Il décida de ne pas poursuivre. Après avoir présenté
leurs condoléances les gens se regroupaient en retrait puis,
par petites grappes descendaient l'allée principale. On avait
fait un bon tiers du programme quand Jules César Andréotti
vint se recueillir. Paul Andros, son neveu le suivait. Mark Rivers ignora
la main du vieil homme, s'avança vers le cercueil, ouvrit sa
braguette et se mit à pisser dessus. La foule laissa échapper
un unanime "ho" de surprise. Là dessus, Mark Rivers,
le membre bien en main, un large sourire sur le visage, se retourna
aussi sec vers Paul Andros et se mit à l'asperger d'urine. Rivers
pissait remarquablement et sa stratégie fut appliquée
avec talent. En moins de temps qu'il n'en faut pour le dire Andros,
prit des allures de pissotière négligée et stupéfaite.
Kosecki ouvrit la bouche comme un poisson à court d'eau et lâcha
un "merde" plus désolé que virulent. Du côté
des gardes du corps, ça s'agita sec. Les voyous d'Andreotti,
suivis de quelques poulets en civil et de Max se mirent en mouvement.
Rivers prit la meute sur le paletot, ce qui ne l'empêcha pas de
se débattre et de tenter d'étrangler Paul Andros. J'étais
là pour travailler, et le moins que je pouvais faire, était
de me mêler à la bagarre. Je laissais sur place un Kosecki
indécis et je fonçais dans le tas, avec la ferme intention
de ne pas laisser ma part au chien, s'il était question d'égratigner,
voir de franchement savatter, quelques maffiosi. Mais la partie de manivelle
fut de courte durée. Les anges gardiens d'Andréotti avaient
sorti les revolvers et distribuaient les coups de crosse en expert.
J'en attrapais un sur la tempe, je m'écroulais par terre, et
avant de tomber dans les pommes, j'eus le temps de réaliser que
j'étais désormais considéré comme un ballon
de football, à la disposition du tout à chacun. Il n'y
a rien de plus déprimant et en même temps, presque rien
qui puisse vous guérir aussi vite de la dépression.

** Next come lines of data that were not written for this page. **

lemma matched_zero_before_matched_zero:
  assumes n: "0 < length x" "2 * count_list x True \<le> length x"
    and j: "j < length x" "\<not> x ! j" and mz: "matched_zero x ((j + 1) mod length x)"
  shows "matched_zero x j"
proof -
  let ?n = "length x"
  obtain i where i: "i < ?n" "x ! i" "partner x i = (j + 1) mod ?n"
    and zero: "\<not> x ! ((j + 1) mod ?n)"
    using mz unfolding matched_zero_def by auto
  define L where "L = match_len x i"
  have ci: "cbit x i" using i unfolding cbit_def by simp
  have L2: "2 \<le> L"
    using match_len_balanced[OF n ci] ci ones_in_Suc[of x i 0] unfolding L_def
    by (cases "match_len x i = 1") auto
  have "(i + L - 1) mod ?n = (j + 1) mod ?n" using i(3) unfolding partner_def L_def .
  moreover have "i + L - 1 = i + (L - 2) + 1" using L2 by simp
  ultimately have end_pos: "(i + (L - 2) + 1) mod ?n = (j + 1) mod ?n" by simp
  then have j_pos: "(i + (L - 2)) mod ?n = j"
    using mod_Suc_cancel[OF n(1) end_pos] j(1) by simp
  have "i + (L - 1) = i + (L - 2) + 1" using L2 by simp
  then have "\<not> cbit x (i + (L - 2))" "\<not> cbit x (i + (L - 1))"
    using j_pos end_pos j(2) zero unfolding cbit_def by simp_all
  then obtain t where t: "t < L - 2" "cbit x (i + t)" "match_len x ((i + t) mod ?n) = L - 1 - t"
    using penultimate_zero_matched[OF n ci] unfolding L_def by blast
  then have "partner x ((i + t) mod ?n) = ((i + t) mod ?n + (L - 2 - t)) mod ?n"
    unfolding partner_def by (simp add: Suc_diff_Suc)
  also have "\<dots> = (i + t + (L - 2 - t)) mod ?n" by (rule mod_add_left_eq)
  also have "i + t + (L - 2 - t) = i + (L - 2)" using t(1) by simp
  also have "(i + (L - 2)) mod ?n = j" by (rule j_pos)
  finally have "partner x ((i + t) mod ?n) = j" .
  moreover have "(i + t) mod ?n < ?n" "x ! ((i + t) mod ?n)"
    using t(2) n(1) unfolding cbit_def by simp_all
  ultimately show ?thesis using j(2) unfolding matched_zero_def by blast
qed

Je me réveillais dans l'ambulance. Au volant, le gars s'amusait
bien, et sa sirène ne valait rien de bon à mon mal de
crâne. Ma tempe gauche me lançait et mes côtes me
faisaient un mal de chien. Sur le brancard d'à côté,
Mark Rivers semblait encore plus mal en point. Les yeux fermés,
le visage en sang, le nez éclaté, il respirait difficilement.
Il s'était pissé dessus et ça sentait l'urine.
Un infirmier tentait malgré les cahots de lui installer une perfusion.
J'en avais assez vu, et je me laissai partir dans les vapes.
Je me réveillais pour la troisième fois dans une chambre
claire, fraîche et agréable. J'avais une aiguille dans
le bras et un bocal à perfusion au-dessus de la tête. J'attendis
sans bouger pendant un bon quart d'heure. Je me sentais vaseux mais
pas si mal.
Un infirmier rentra et se mit à vérifier la perfusion.
Il remarqua mes yeux ouverts et me demanda comment je me sentais. Je
rassemblais mes esprits et je réussis à faire le malin.
- En pleine forme. Quand est-ce qu'on mange ?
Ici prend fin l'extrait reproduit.